In your particular circumstances, I would suggest that if you choose to ask your fiancée to enter into a pre-nuptial agreement, attention should be laced on how you would propose to met her financial needs and those of your child (together with any children you may have with your fiancée in the future), rather than having an agreement which simply confirms what assets are “off limits” in any future financial settlement on divorce. It may be very tempting to simply have your fiancée confirm that she will not seek to include your family business within the assets to which the Court may otherwise have regard on divorce, but in my view, this may not go far enough to provide as much protection for your family that is presently possible within the confines of the current legal position, as the Court has jurisdiction to go behind that agreement if justified by needs , taking account of the standard of living you enjoyed during the marriage. A more considered approach to the situation would protect your family’s position. Therefore, in addition to the agreement covering all of the resources which would fall outside of the definition of “matrimonial assets”, I would suggest that specific detail be included as to the financial provision your finance could expect to receive on divorce (including for the children of the family, particularly if it is intended that your fiancée would be the primary carer for your children).

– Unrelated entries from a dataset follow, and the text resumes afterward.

(* On the good run event (defined in the context, with absolute constant $c_0>1$), for any $c_B>0$ and for $C>1$ a sufficiently large absolute constant, if assumptions (A1)–(A3) hold, then the max-margin solution $W_{\mathrm{MM}}$ satisfies, for $\mu\sim\mathrm{Unif}(\tilde R\cdot\mathbb S^{d-1})$ independent of the pre-training data, \[\frac{(c_B\wedge1)\tilde R^2}{16c_0^2R^2\log^2(2B^2/\delta)}\le\mathbb E_\mu[\mu^\top W_{\mathrm{MM}}\mu]\le\frac{6\tilde R^2}{R^2}.\]
   Context: Pre-training data: $\Lambda\succ0$ symmetric positive-definite $d\times d$, $B,N\ge1$, $R>0$, $\delta\in(0,1)$. For $\tau\in[B]$, $i\in[N+1]$: $\mu_\tau\sim\mathrm{Unif}(R\cdot\mathbb S^{d-1})$, $z_{\tau,i}\sim\mathcal N(0,\Lambda)$, $y_{\tau,i}\sim\mathrm{Unif}(\{\pm1\})$, all independent, $x_{\tau,i}=y_{\tau,i}\mu_\tau+z_{\tau,i}$; $\hat\mu_\tau=\frac1N\sum_{i=1}^Ny_{\tau,i}x_{\tau,i}$, $x_\tau=x_{\tau,N+1}$, $y_\tau=y_{\tau,N+1}$. Max-margin solution: $W_{\mathrm{MM}}=\arg\min\{\|U\|_F^2:\hat\mu_\tau^\top Uy_\tau x_\tau\ge1\ \forall\tau\in[B]\}$. Good run event (with constant $c_0$): for all $\tau\in[B]$, $q\ne\tau$: $|\|\hat\mu_\tau\|^2-R^2|\le \frac{c_0R\sqrt{\mathrm{tr}\Lambda}\log(2B/\delta)}{\sqrt{Nd}}+4\frac{\mathrm{tr}\Lambda\vee c_0\|\Lambda\|_2\log(2B/\delta)}{N}$; $|\|x_\tau\|^2-R^2|\le\frac{2c_0R\sqrt{\mathrm{tr}\Lambda}\log(2B/\delta)}{\sqrt d}+4(\mathrm{tr}\Lambda\vee c_0\|\Lambda\|_2\log(2B/\delta))$; $|\langle\hat\mu_q,\hat\mu_\tau\rangle|\le c_0(\frac{R^2}{\sqrt d}+\frac{R\sqrt{\mathrm{tr}\Lambda}}{\sqrt{Nd}}+\frac{\sqrt{\mathrm{tr}(\Lambda^2)}}N)\log(2B^2/\delta)$; $|\langle x_\tau,x_q\rangle|\le c_0(\frac{R^2}{\sqrt d}+\frac{R\sqrt{\mathrm{tr}\Lambda}}{\sqrt d}+\sqrt{\mathrm{tr}(\Lambda^2)})\log(2B^2/\delta)$; $|\langle\hat\mu_\tau,y_\tau x_\tau\rangle-R^2|\le c_0([1+N^{-1/2}]\frac{R\sqrt{\mathrm{tr}\Lambda}}{\sqrt d}+\frac{\sqrt{\mathrm{tr}(\Lambda^2)}}{\sqrt N})\log(2B/\delta)$. Assumptions: (A1) $R^2\ge C^2\sqrt{d\,\mathrm{tr}(\Lambda^2)}\vee C^2(\frac{\mathrm{tr}\Lambda}{d}\vee\sqrt{\frac{\mathrm{tr}(\Lambda^2)}{N}}\vee\|\Lambda\|_2)\log(2B/\delta)$; (A2) $B\ge c_Bd$; (A3) $d\ge C\log^4(2B^2/\delta)$. $\tilde R>0$ is arbitrary. $\vee=\max$, $\wedge=\min$. *)

theory Defs
  imports "HOL-Analysis.Analysis"
begin

text \<open>Vectors in R^d are represented as functions nat => real (only coordinates i < d matter),
  d x d matrices as nat => nat => real (only entries i,j < d matter). This allows the
  dimension d to be quantified inside the statement (constants must be uniform in d).\<close>

definition dotd :: "nat \<Rightarrow> (nat \<Rightarrow> real) \<Rightarrow> (nat \<Rightarrow> real) \<Rightarrow> real" where
  "dotd d u v = (\<Sum>i<d. u i * v i)"

definition sqnd :: "nat \<Rightarrow> (nat \<Rightarrow> real) \<Rightarrow> real" where
  "sqnd d v = dotd d v v"

definition mvd :: "nat \<Rightarrow> (nat \<Rightarrow> nat \<Rightarrow> real) \<Rightarrow> (nat \<Rightarrow> real) \<Rightarrow> (nat \<Rightarrow> real)" where
  "mvd d A v = (\<lambda>i. \<Sum>j<d. A i j * v j)"

definition mmd :: "nat \<Rightarrow> (nat \<Rightarrow> nat \<Rightarrow> real) \<Rightarrow> (nat \<Rightarrow> nat \<Rightarrow> real) \<Rightarrow> (nat \<Rightarrow> nat \<Rightarrow> real)" where
  "mmd d A B = (\<lambda>i k. \<Sum>j<d. A i j * B j k)"

definition trd :: "nat \<Rightarrow> (nat \<Rightarrow> nat \<Rightarrow> real) \<Rightarrow> real" where
  "trd d A = (\<Sum>i<d. A i i)"

definition opnorm2 :: "nat \<Rightarrow> (nat \<Rightarrow> nat \<Rightarrow> real) \<Rightarrow> real" where
  "opnorm2 d A = Sup {sqrt (sqnd d (mvd d A v)) | v. sqnd d v = 1}"

definition sym_pd :: "nat \<Rightarrow> (nat \<Rightarrow> nat \<Rightarrow> real) \<Rightarrow> bool" where
  "sym_pd d L \<longleftrightarrow> (\<forall>i<d. \<forall>j<d. L i j = L j i) \<and>
     (\<forall>v. (\<exists>i<d. v i \<noteq> 0) \<longrightarrow> dotd d v (mvd d L v) > 0)"

definition fro2 :: "nat \<Rightarrow> (nat \<Rightarrow> nat \<Rightarrow> real) \<Rightarrow> real" where
  "fro2 d U = (\<Sum>i<d. \<Sum>j<d. (U i j)\<^sup>2)"

definition dmat :: "nat \<Rightarrow> (nat \<Rightarrow> nat \<Rightarrow> real) set" where
  "dmat d = {U. \<forall>i j. (d \<le> i \<or> d \<le> j) \<longrightarrow> U i j = 0}"

definition mm_feasible :: "nat \<Rightarrow> nat \<Rightarrow> (nat \<Rightarrow> nat \<Rightarrow> real) \<Rightarrow> (nat \<Rightarrow> nat \<Rightarrow> real)
    \<Rightarrow> (nat \<Rightarrow> real) \<Rightarrow> (nat \<Rightarrow> nat \<Rightarrow> real) \<Rightarrow> bool" where
  "mm_feasible d B muhat xq yq U \<longleftrightarrow>
     (\<forall>\<tau><B. dotd d (muhat \<tau>) (mvd d U (\<lambda>k. yq \<tau> * xq \<tau> k)) \<ge> 1)"

definition is_max_margin :: "nat \<Rightarrow> nat \<Rightarrow> (nat \<Rightarrow> nat \<Rightarrow> real) \<Rightarrow> (nat \<Rightarrow> nat \<Rightarrow> real)
    \<Rightarrow> (nat \<Rightarrow> real) \<Rightarrow> (nat \<Rightarrow> nat \<Rightarrow> real) \<Rightarrow> bool" where
  "is_max_margin d B muhat xq yq W \<longleftrightarrow> W \<in> dmat d \<and> mm_feasible d B muhat xq yq W \<and>
     (\<forall>U\<in>dmat d. mm_feasible d B muhat xq yq U \<longrightarrow> fro2 d W \<le> fro2 d U)"

text \<open>Uniform distribution on the sphere of radius Rt in R^d: push-forward of the uniform
  distribution on the open unit ball under x \<mapsto> Rt x / |x| (cone measure = normalized surface measure).\<close>
definition unit_ball_d :: "nat \<Rightarrow> (nat \<Rightarrow> real) set" where
  "unit_ball_d d = {x \<in> space (PiM {..<d} (\<lambda>_. lborel)). sqnd d x < 1}"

Ultimately, there is no precise formula that is applied when considering an appropriate outcome for financial matters on divorce; each case that comes before a Court is considered on its own facts. It is for this reason, amongst others, that while a pre-nuptial agreement can be considered persuasive and even conclusive in many circumstances, it is not possible to absolutely oust the jurisdiction of the Court in England and Wales. However, the more consideration that is given to different, reasonably foreseeable scenarios in which your fiancée and you could find yourselves, the more weight the agreement is likely to have on the outcome, if the unfortunate does occur and you have to refer back to the pre-nuptial agreement for application. I would suggest that you make an appointment to see a Solicitor as soon as possible, as you will need to allow yourself some time to negotiate the terms of the pre-nuptial agreement, which should be finalised with at least 28 clear days before your wedding, and with your fiancée having independent legal advice.